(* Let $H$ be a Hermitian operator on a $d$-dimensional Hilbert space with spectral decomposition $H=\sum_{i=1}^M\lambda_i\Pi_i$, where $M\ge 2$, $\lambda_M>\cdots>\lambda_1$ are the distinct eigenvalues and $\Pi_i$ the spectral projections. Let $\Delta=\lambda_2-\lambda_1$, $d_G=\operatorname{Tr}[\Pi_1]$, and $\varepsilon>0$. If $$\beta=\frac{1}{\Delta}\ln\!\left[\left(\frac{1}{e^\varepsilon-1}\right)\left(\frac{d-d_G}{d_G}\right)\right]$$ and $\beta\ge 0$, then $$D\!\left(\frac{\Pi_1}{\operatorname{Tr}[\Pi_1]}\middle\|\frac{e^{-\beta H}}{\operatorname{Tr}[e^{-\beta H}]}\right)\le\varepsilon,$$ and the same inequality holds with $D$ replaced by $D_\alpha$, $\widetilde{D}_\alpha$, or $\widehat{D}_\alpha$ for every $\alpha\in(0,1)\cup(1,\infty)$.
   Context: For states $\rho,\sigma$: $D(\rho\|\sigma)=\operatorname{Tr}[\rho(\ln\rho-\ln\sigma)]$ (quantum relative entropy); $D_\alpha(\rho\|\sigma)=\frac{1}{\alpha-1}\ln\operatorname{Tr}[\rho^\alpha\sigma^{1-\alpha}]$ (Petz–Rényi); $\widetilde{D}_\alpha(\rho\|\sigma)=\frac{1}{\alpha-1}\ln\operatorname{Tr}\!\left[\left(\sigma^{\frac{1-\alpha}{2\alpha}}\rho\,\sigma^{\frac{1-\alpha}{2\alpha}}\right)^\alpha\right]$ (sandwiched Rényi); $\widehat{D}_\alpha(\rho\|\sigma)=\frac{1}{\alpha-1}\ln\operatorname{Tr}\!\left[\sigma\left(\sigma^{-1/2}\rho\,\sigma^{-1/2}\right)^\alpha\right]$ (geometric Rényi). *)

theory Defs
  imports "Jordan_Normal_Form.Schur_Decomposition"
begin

**Exercise goal**
Please write out only the lines from the one containing "Context: For states" to the end of the records above, exactly, both ends included.

**Result of this task**
   Context: For states $\rho,\sigma$: $D(\rho\|\sigma)=\operatorname{Tr}[\rho(\ln\rho-\ln\sigma)]$ (quantum relative entropy); $D_\alpha(\rho\|\sigma)=\frac{1}{\alpha-1}\ln\operatorname{Tr}[\rho^\alpha\sigma^{1-\alpha}]$ (Petz–Rényi); $\widetilde{D}_\alpha(\rho\|\sigma)=\frac{1}{\alpha-1}\ln\operatorname{Tr}\!\left[\left(\sigma^{\frac{1-\alpha}{2\alpha}}\rho\,\sigma^{\frac{1-\alpha}{2\alpha}}\right)^\alpha\right]$ (sandwiched Rényi); $\widehat{D}_\alpha(\rho\|\sigma)=\frac{1}{\alpha-1}\ln\operatorname{Tr}\!\left[\sigma\left(\sigma^{-1/2}\rho\,\sigma^{-1/2}\right)^\alpha\right]$ (geometric Rényi). *)

theory Defs
  imports "Jordan_Normal_Form.Schur_Decomposition"
begin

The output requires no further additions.